What requires training is the custom fully connected layer we have just added to this network. To train only the final layer and not train the others, we need to freeze all the network except the final one. We need to set ```requires_grad = False``` to freeze the parameters so that the gradients are not computed in ```backward()```. 
You can read more about this in the documentation
[here](https://pytorch.org/docs/notes/autograd.html#excluding-subgraphs-from-backward)_.

![only train the last layer resnet](img/Resnet18_learn_only_last_layer.svg)

By only training the custom fully connected layer, the model can be trained faster and more efficiently.

In [6]:
model_conv = torchvision.models.resnet18(weights='IMAGENET1K_V1')
for param in model_conv.parameters():
    param.requires_grad = False

# Parameters of newly constructed modules have requires_grad=True by default
num_ftrs = model_conv.fc.in_features
model_conv.fc = nn.Linear(num_ftrs, 2)

model_conv = model_conv.to(DEVICE)

criterion = nn.CrossEntropyLoss()

# Observe that only parameters of final layer are being optimized as
# opposed to before.
optimizer_conv = optim.SGD(model_conv.fc.parameters(), lr=0.001, momentum=0.9)
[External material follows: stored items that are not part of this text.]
(* For every $\alpha\in[3,\omega]$, the set $\mathsf{W}^N_3$ is first-order definable (without parameters) in the structure $(\mathsf{W}^N_\alpha,\prec,\Diamond_1,\Diamond_3)$.
   Context: Words are finite strings over $\mathbb{N}$; $\mathsf{W}_\omega$ is the set of all words, $\Lambda$ the empty word, $AB$ concatenation. For $k\in\mathbb{N}$, $\mathsf{S}_k$ is the set of words all of whose symbols are $\ge k$; for $\alpha\in\mathbb{N}\cup\{\omega\}$, $\mathsf{W}_\alpha$ is the set of words all of whose symbols are $\le\alpha$. Given a linear preorder $\precsim$ with $A\sim B$ iff $A\precsim B\wedge B\precsim A$ and $A\prec B$ iff $A\precsim B\wedge\neg B\precsim A$, a finite sequence $(A_1,\dots,A_p)$ is lexicographically not greater than $(B_1,\dots,B_q)$ iff either $p\le q$ and $A_i\sim B_i$ for all $i\le p$, or there is $s<\min(p,q)$ with $A_i\sim B_i$ for $i\le s$ and $A_{s+1}\prec B_{s+1}$. A lexicographically maximal subsequence of a finite sequence is a subsequence that is lexicographically not less than every subsequence. The linear preorder $\precsim$ on $\mathsf{W}_\omega$ is defined by recursion on (largest symbol of $AB$) $-$ (smallest symbol of $AB$): $\Lambda\precsim\Lambda$; if $AB$ is nonempty with minimal symbol $n$, write uniquely $A=A_1n\cdots nA_k$, $B=B_1n\cdots nB_l$ ($k,l\ge1$) with $A_i,B_j\in\mathsf{S}_{n+1}$ (possibly empty); let $C,D$ be lexicographically maximal subsequences of $(A_1,\dots,A_k)$, $(B_1,\dots,B_l)$; then $A\precsim B$ iff $C$ is lexicographically not greater than $D$. The set $\mathsf{NF}$: $\Lambda\in\mathsf{NF}$; a word with minimal symbol $n$, written $A_1n\cdots nA_k$ with $k\ge2$, $A_i\in\mathsf{S}_{n+1}$, is in $\mathsf{NF}$ iff $A_k\precsim\dots\precsim A_1$ and all $A_i\in\mathsf{NF}$. Every word is $\sim$-equivalent to exactly one word of $\mathsf{NF}$. For $A\in\mathsf{NF}$, $\Diamond_nA$ is the unique word of $\mathsf{NF}$ equivalent to $An$. $\mathsf{W}^N_\alpha=\mathsf{W}_\alpha\cap\mathsf{NF}$. *)

theory Defs
  imports Main "HOL-Library.Extended_Nat"
begin

(* Words: finite strings over nat; \<Lambda> = [] ; concatenation = @ *)
type_synonym word = "nat list"

definition S :: "nat \<Rightarrow> word set" where
  "S k = {A. \<forall>x\<in>set A. k \<le> x}"

(* W_alpha for alpha \<in> N \<union> {omega}, omega = \<infinity> *)
definition W :: "enat \<Rightarrow> word set" where
  "W \<alpha> = {A. \<forall>x\<in>set A. enat x \<le> \<alpha>}"

(* unique decomposition A = A_1 n A_2 n ... n A_k with n not occurring in the A_i *)
fun pieces :: "nat \<Rightarrow> word \<Rightarrow> word list" where
  "pieces n [] = [[]]"
| "pieces n (x # xs) =
     (if x = n then [] # pieces n xs
      else (case pieces n xs of [] \<Rightarrow> [[x]] | p # ps \<Rightarrow> (x # p) # ps))"

definition eqv :: "('a \<Rightarrow> 'a \<Rightarrow> bool) \<Rightarrow> 'a \<Rightarrow> 'a \<Rightarrow> bool" where
  "eqv r a b \<longleftrightarrow> r a b \<and> r b a"

definition strict :: "('a \<Rightarrow> 'a \<Rightarrow> bool) \<Rightarrow> 'a \<Rightarrow> 'a \<Rightarrow> bool" where
  "strict r a b \<longleftrightarrow> r a b \<and> \<not> r b a"

definition lexle :: "('a \<Rightarrow> 'a \<Rightarrow> bool) \<Rightarrow> 'a list \<Rightarrow> 'a list \<Rightarrow> bool" where
  "lexle r xs ys \<longleftrightarrow>
     (length xs \<le> length ys \<and> (\<forall>i<length xs. eqv r (xs ! i) (ys ! i)))
   \<or> (\<exists>s < min (length xs) (length ys).
        (\<forall>i<s. eqv r (xs ! i) (ys ! i)) \<and> strict r (xs ! s) (ys ! s))"

definition lexmax :: "('a \<Rightarrow> 'a \<Rightarrow> bool) \<Rightarrow> 'a list \<Rightarrow> 'a list \<Rightarrow> bool" where
  "lexmax r xs C \<longleftrightarrow> C \<in> set (subseqs xs) \<and>
     (\<forall>D \<in> set (subseqs xs). \<not> strict (lexle r) C D)"

definition width :: "word \<Rightarrow> nat" where
  "width A = (if A = [] then 0 else Max (set A) - Min (set A))"

(* The recursion of the paper, run with a fuel argument; the fuel
   Suc (width (A @ B)) used below is always sufficient, so this is exactly
   the recursion on width(AB) of the paper. *)
primrec wleF :: "nat \<Rightarrow> word \<Rightarrow> word \<Rightarrow> bool" where
  "wleF 0 A B = True"
| "wleF (Suc d) A B =
     (if A @ B = [] then True
      else (let n = Min (set (A @ B));
                C = (SOME C. lexmax (wleF d) (pieces n A) C);
                D = (SOME D. lexmax (wleF d) (pieces n B) D)
            in lexle (wleF d) C D))"

definition wle :: "word \<Rightarrow> word \<Rightarrow> bool" where
  "wle A B = wleF (Suc (width (A @ B))) A B"

definition wless :: "word \<Rightarrow> word \<Rightarrow> bool" where
  "wless A B \<longleftrightarrow> wle A B \<and> \<not> wle B A"

definition wequiv :: "word \<Rightarrow> word \<Rightarrow> bool" where
  "wequiv A B \<longleftrightarrow> wle A B \<and> wle B A"

inductive_set NF :: "word set" where
  NF_Nil: "[] \<in> NF"
| NF_step: "A \<noteq> [] \<Longrightarrow>
     (\<forall>i. Suc i < length (pieces (Min (set A)) A) \<longrightarrow>
          wle (pieces (Min (set A)) A ! Suc i) (pieces (Min (set A)) A ! i)) \<Longrightarrow>
     (\<forall>P \<in> set (pieces (Min (set A)) A). P \<in> NF) \<Longrightarrow> A \<in> NF"

definition diamond :: "nat \<Rightarrow> word \<Rightarrow> word" where
  "diamond n A = (THE B. B \<in> NF \<and> wequiv B (A @ [n]))"

definition WN :: "enat \<Rightarrow> word set" where
  "WN \<alpha> = W \<alpha> \<inter> NF"

(* First-order language with a binary relation symbol (\<prec>) and two unary
   function symbols (\<Diamond>_1, \<Diamond>_3), equality built in. *)
datatype fterm = FVar nat | FD1 fterm | FD3 fterm

datatype fform =
    FEq fterm fterm
  | FLess fterm fterm
  | FNot fform
  | FAnd fform fform
  | FEx nat fform

fun tvars :: "fterm \<Rightarrow> nat set" where
  "tvars (FVar x) = {x}"
| "tvars (FD1 t) = tvars t"
| "tvars (FD3 t) = tvars t"

fun fvars :: "fform \<Rightarrow> nat set" where
  "fvars (FEq s t) = tvars s \<union> tvars t"
| "fvars (FLess s t) = tvars s \<union> tvars t"
| "fvars (FNot \<phi>) = fvars \<phi>"
| "fvars (FAnd \<phi> \<psi>) = fvars \<phi> \<union> fvars \<psi>"
| "fvars (FEx x \<phi>) = fvars \<phi> - {x}"

fun teval :: "('a \<Rightarrow> 'a) \<Rightarrow> ('a \<Rightarrow> 'a) \<Rightarrow> (nat \<Rightarrow> 'a) \<Rightarrow> fterm \<Rightarrow> 'a" where
  "teval f1 f3 e (FVar x) = e x"
| "teval f1 f3 e (FD1 t) = f1 (teval f1 f3 e t)"
| "teval f1 f3 e (FD3 t) = f3 (teval f1 f3 e t)"

fun sat :: "'a set \<Rightarrow> ('a \<Rightarrow> 'a \<Rightarrow> bool) \<Rightarrow> ('a \<Rightarrow> 'a) \<Rightarrow> ('a \<Rightarrow> 'a)
             \<Rightarrow> (nat \<Rightarrow> 'a) \<Rightarrow> fform \<Rightarrow> bool" where
  "sat M lt f1 f3 e (FEq s t) = (teval f1 f3 e s = teval f1 f3 e t)"
| "sat M lt f1 f3 e (FLess s t) = lt (teval f1 f3 e s) (teval f1 f3 e t)"
| "sat M lt f1 f3 e (FNot \<phi>) = (\<not> sat M lt f1 f3 e \<phi>)"
| "sat M lt f1 f3 e (FAnd \<phi> \<psi>) = (sat M lt f1 f3 e \<phi> \<and> sat M lt f1 f3 e \<psi>)"
| "sat M lt f1 f3 e (FEx x \<phi>) = (\<exists>a\<in>M. sat M lt f1 f3 (e(x := a)) \<phi>)"

(* X is definable without parameters in (M, lt, f1, f3): by a formula whose
   only free variable is 0 *)
definition fo_definable :: "'a set \<Rightarrow> ('a \<Rightarrow> 'a \<Rightarrow> bool) \<Rightarrow> ('a \<Rightarrow> 'a) \<Rightarrow> ('a \<Rightarrow> 'a)
                             \<Rightarrow> 'a set \<Rightarrow> bool" where
  "fo_definable M lt f1 f3 X \<longleftrightarrow>
     (\<exists>\<phi>. fvars \<phi> \<subseteq> {0} \<and>
          (\<forall>e. (\<forall>x. e x \<in> M) \<longrightarrow> (e 0 \<in> X \<longleftrightarrow> sat M lt f1 f3 e \<phi>)))"

end

theory Submission
  imports Defs "HOL-Library.Sublist"
begin

(* Call a word y of a structure M 3-closed if some element of M lies below y and
   \<Diamond>\<^sub>3 z \<prec> y for every z \<prec> y in M.  The one-letter word 4 is 3-closed: a word is
   below 4 iff all its symbols are at most 3, and then so are those of z 3 \<sim> \<Diamond>\<^sub>3 z.
   No y \<prec> 4 is 3-closed: if y = z k then z \<prec> y and, as k \<le> 3, y \<precsim> z 3 \<sim> \<Diamond>\<^sub>3 z, where
   z is again a normal form.  So for \<alpha> \<ge> 4 the word 4 is the least 3-closed element of
   W\<^sup>N\<^sub>\<alpha>, and W\<^sup>N\<^sub>3 is the set of elements below it.  The substance lies in showing
   that \<precsim> is a total preorder obeying its defining recursion at every lower bound of the
   symbols (by induction on the size of the alphabet) and that normal forms exist, are unique
   and are closed under deleting the last letter. *)

section \<open>Total preorders and the lexicographic order\<close>

definition total_preorder_on :: "'a set \<Rightarrow> ('a \<Rightarrow> 'a \<Rightarrow> bool) \<Rightarrow> bool" where
  "total_preorder_on X r \<longleftrightarrow> reflp_on X r \<and> transp_on X r \<and> totalp_on X r"

lemma total_preorder_onI:
  assumes "\<And>a b. a \<in> X \<Longrightarrow> b \<in> X \<Longrightarrow> r a b \<or> r b a"
    and "\<And>a b c. a \<in> X \<Longrightarrow> b \<in> X \<Longrightarrow> c \<in> X \<Longrightarrow> r a b \<Longrightarrow> r b c \<Longrightarrow> r a c"
  shows "total_preorder_on X r"
  unfolding total_preorder_on_def reflp_on_def transp_on_def totalp_on_def
  using assms by blast

lemma total_preorder_on_refl: "total_preorder_on X r \<Longrightarrow> a \<in> X \<Longrightarrow> r a a"
  unfolding total_preorder_on_def reflp_on_def by blast

lemma total_preorder_on_total:
  "total_preorder_on X r \<Longrightarrow> a \<in> X \<Longrightarrow> b \<in> X \<Longrightarrow> r a b \<or> r b a"
  unfolding total_preorder_on_def reflp_on_def totalp_on_def by (cases "a = b") auto

lemma total_preorder_on_trans:
  "total_preorder_on X r \<Longrightarrow> a \<in> X \<Longrightarrow> b \<in> X \<Longrightarrow> c \<in> X \<Longrightarrow> r a b \<Longrightarrow> r b c \<Longrightarrow> r a c"
  unfolding total_preorder_on_def transp_on_def by blast

lemma total_preorder_on_subset: "total_preorder_on X r \<Longrightarrow> Y \<subseteq> X \<Longrightarrow> total_preorder_on Y r"
  unfolding total_preorder_on_def reflp_on_def transp_on_def totalp_on_def by blast

lemma total_preorder_on_greatest:
  assumes "total_preorder_on X r" "finite X" "X \<noteq> {}"
  obtains g where "g \<in> X" "\<And>x. x \<in> X \<Longrightarrow> r x g"
proof -
  obtain g where "g \<in> X" "\<forall>x\<in>X. x \<noteq> g \<longrightarrow> r x g"
    using Finite_Set.bex_greatest_element[OF assms(2,3)] assms(1)
    unfolding total_preorder_on_def by blast
  with that show thesis using total_preorder_on_refl[OF assms(1)] by metis
qed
# Decay LR by a factor of 0.1 every 7 epochs
exp_lr_scheduler = lr_scheduler.StepLR(optimizer_conv, step_size=7, gamma=0.1)

In [7]:

from train_and_test_model import my_train_model
model_conv = my_train_model(model_conv, criterion, dataloaders, dataset_sizes, optimizer_conv, exp_lr_scheduler, DEVICE, 4)

Epoch 0/3
----------
Train Loss: 0.5746 Acc: 0.6885
Vali Loss : 0.0377 Acc: 0.9346
Epoch 1/3
----------
Train Loss: 0.4205 Acc: 0.8115
Vali Loss : 0.0503 Acc: 0.8824
Epoch 2/3
----------
Train Loss: 0.5282 Acc: 0.7582
Vali Loss : 0.0294 Acc: 0.9412
Epoch 3/3
----------
Train Loss: 0.3651 Acc: 0.8525
Vali Loss : 0.0277 Acc: 0.9412
Training complete in 1m 12s
Highest validation accuracy is 0.941


In [8]:
"""The training loop provided by the tutorial is not called"""
# from train_and_test_model import tutorial_train_model
# model_conv = tutorial_train_model(model_conv, criterion, optimizer_ft, exp_lr_scheduler, dataloaders, dataset_sizes, DEVICE, 4)

'The training loop provided by the tutorial is not called'

## Conclusion
This demo explains the transfer training feature provided in Pytorch. If we wish to create a network, it's probably not necessary to start from scratch. There are pretrained networks such as ```resnet``` that can be modified to suit our needs. By setting the ```requires_grad``` attribute of each parameter in a network to ```False```, we can avoid training the parameters and speed up the process while probably not loose model performance.